Curitiba - Empresas inscritas em dívida ativa com o Estado poderão utilizar precatórios (créditos garantidos por decisão judicial) para quitar seus débitos de Imposto sobre Circulação de Mercadorias e Serviços (ICMS), com a Receita Estadual. Atualmente, inscritos em dívida ativa há um total de débitos no valor aproximado de R$ 8 bilhões, que as empresas têm dificuldades para pagar. Para facilitar o pagamento desses tributos para as empresas ativas, a Secretaria de Estado da Fazenda vai aceitar os precatórios porque o Paraná está há oito anos sem aceitar pagamentos com essa moeda, disse ontem o secretário da Fazenda, Heron Arzua, em entrevista à Folha.
Com isso, as empresas interessadas na quitação da dívida ativa poderão comprar precatórios no mercado que são vendidos com deságio de até 60%, dependendo do valor da negociação e da época. ''O mercado é que determina o percentual do deságio'', disse o secretário. Arzua estima que o Estado tem um total de R$ 8 bilhões a pagar em precatórios e que atualmente a Secretaria da Fazenda está pagando os débitos referentes aos anos de 1996 e 1997. ''Daria até para trocar a dívida'', brincou.

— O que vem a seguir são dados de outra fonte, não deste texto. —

(* Let $d\ge 1$, $e=2^d$, and let $a=a_1\cdots a_{d+e}\in\{0,1\}^{d+e}$ satisfy $\overline{a_1\cdots a_d}=a_{e+1}\cdots a_{e+d}$ (bitwise complement). Let $k$ be the number of indices $z\in\{d,\dots,e\}$ with $a_z=0$. Write $\lambda_d$ as the concatenation of the $2^e$ blocks $M_dw_0,\dots,M_dw_{2^e-1}$, each of length $e$. Then the number of pairs $(n,z)$ with $n$ even, $0\le n\le 2^e-2$, $d\le z\le e$, such that $a$ occurs in $\lambda_d$ starting at position $e-z+1$ of the block $M_dw_n$ (so that $a_1\cdots a_z$ is the suffix of length $z$ of $M_dw_n$ and $a_{z+1}\cdots a_{d+e}$ is the prefix of length $d+e-z$ of $M_dw_{n+1}$) is exactly $k$.
   Context: Over $\mathbb{F}_2$, $M_0=(1)$ and $M_{d+1}=\begin{pmatrix} M_d & M_d\\ 0 & M_d\end{pmatrix}$, so $M_d$ is $e\times e$ with $e=2^d$. $w_0,\dots,w_{2^e-1}$ are all vectors of $\mathbb{F}_2^e$ in increasing lexicographic order ($w_n$ is the $e$-bit binary representation of $n$, most significant bit first). Binary words and vectors are identified. $\lambda_d=(M_dw_0)(M_dw_1)\cdots(M_dw_{2^e-1})$. For a binary word $u$, $\overline{u}$ denotes its bitwise complement. *)

theory Defs
  imports Main
begin

text \<open>Bits of F_2 are represented as bool (True = 1). Indices are 0-based.\<close>

text \<open>The matrix M_d, as an entry function on indices i, j < 2^d:
  M_0 = (1), M_{d+1} = [[M_d, M_d], [0, M_d]].\<close>
fun Mmat :: "nat \<Rightarrow> nat \<Rightarrow> nat \<Rightarrow> bool" where
  "Mmat 0 i j = True"
| "Mmat (Suc d) i j =
     (let e = 2 ^ d in
      if i < e then (if j < e then Mmat d i j else Mmat d i (j - e))
      else (if j < e then False else Mmat d (i - e) (j - e)))"

text \<open>w_n: the e-bit binary representation of n, most significant bit first.\<close>
definition wvec :: "nat \<Rightarrow> nat \<Rightarrow> nat \<Rightarrow> bool" where
  "wvec e n j = odd (n div 2 ^ (e - 1 - j))"

definition block :: "nat \<Rightarrow> nat \<Rightarrow> bool list" where
  "block d n = map (\<lambda>i. odd (card {j. j < 2 ^ d \<and> Mmat d i j \<and> wvec (2 ^ d) n j})) [0..<2 ^ d]"

definition lam :: "nat \<Rightarrow> bool list" where
  "lam d = concat (map (block d) [0..<2 ^ (2 ^ d)])"

end

theory Submission
  imports Defs
begin

text \<open>Over \<open>\<bbbF>\<^sub>2\<close> the matrix \<open>M\<^sub>d\<close> is an involution whose last row is the last unit vector
  and whose last column is all ones. Hence the last bit of \<open>M\<^sub>d w\<^sub>n\<close> is the parity of \<open>n\<close>,
  and for even \<open>n\<close> the block \<open>M\<^sub>d w\<^sub>n\<^sub>+\<^sub>1\<close> is the complement of \<open>M\<^sub>d w\<^sub>n\<close>. An occurrence
  of \<open>a\<close> starting at offset \<open>e - z\<close> of an even block therefore reads the last \<open>z\<close> bits of
  that block followed by the complement of its first \<open>d + e - z\<close> bits; by the complement
  condition on \<open>a\<close> this happens exactly when the block equals one word determined by \<open>a\<close>
  and \<open>z\<close>, whose last bit is \<open>a\<^sub>z\<close>. Since \<open>M\<^sub>d\<close> is invertible, that word is \<open>M\<^sub>d w\<^sub>n\<close> for
  exactly one \<open>n\<close>, and this \<open>n\<close> is even iff \<open>a\<^sub>z = 0\<close>.\<close>

fun parity :: "nat \<Rightarrow> (nat \<Rightarrow> bool) \<Rightarrow> bool" where
  "parity 0 P = False"
| "parity (Suc n) P = (parity n P \<noteq> P n)"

A autorização para pagar débitos inscritos em dívida ativa com precatórios consta no Projeto de Lei 206/2004 que está em fase de aprovação na Assembléia Legislativa. O projeto deve passar por todas as fases de votação antes do recesso parlamentar. A expectativa é que até o final da semana, o projeto seja sancionado pelo governador.
O Projeto de Lei 206 corrige e substitui o artigo 3º do Projeto de Lei 061 que havia sido vetado pelo governador Roberto Requião (PMDB), cujo veto foi derrubado ontem na Assembléia. ''Na verdade, nada mudou com a derrubada do veto pelos deputados'', disse o secretário. O que ocorreu é que a redação do projeto anterior passou de forma errada que o projeto permitia que todas as empresas pudessem pagar o ICMS recorrente, do mês. ''E isso não é possível sob pena de prejudicar a arrecadação do Estado'', justificou Arzua.
Com a substituição dos projetos de lei, o que fica valendo é que somente as empresas inscritas em dívida ativa poderão recorrer à esse benefício, que visa solucionar de forma definitiva as dívidas com o Estado, já que muitas estão rolando há mais de 40 anos, disse o secretário.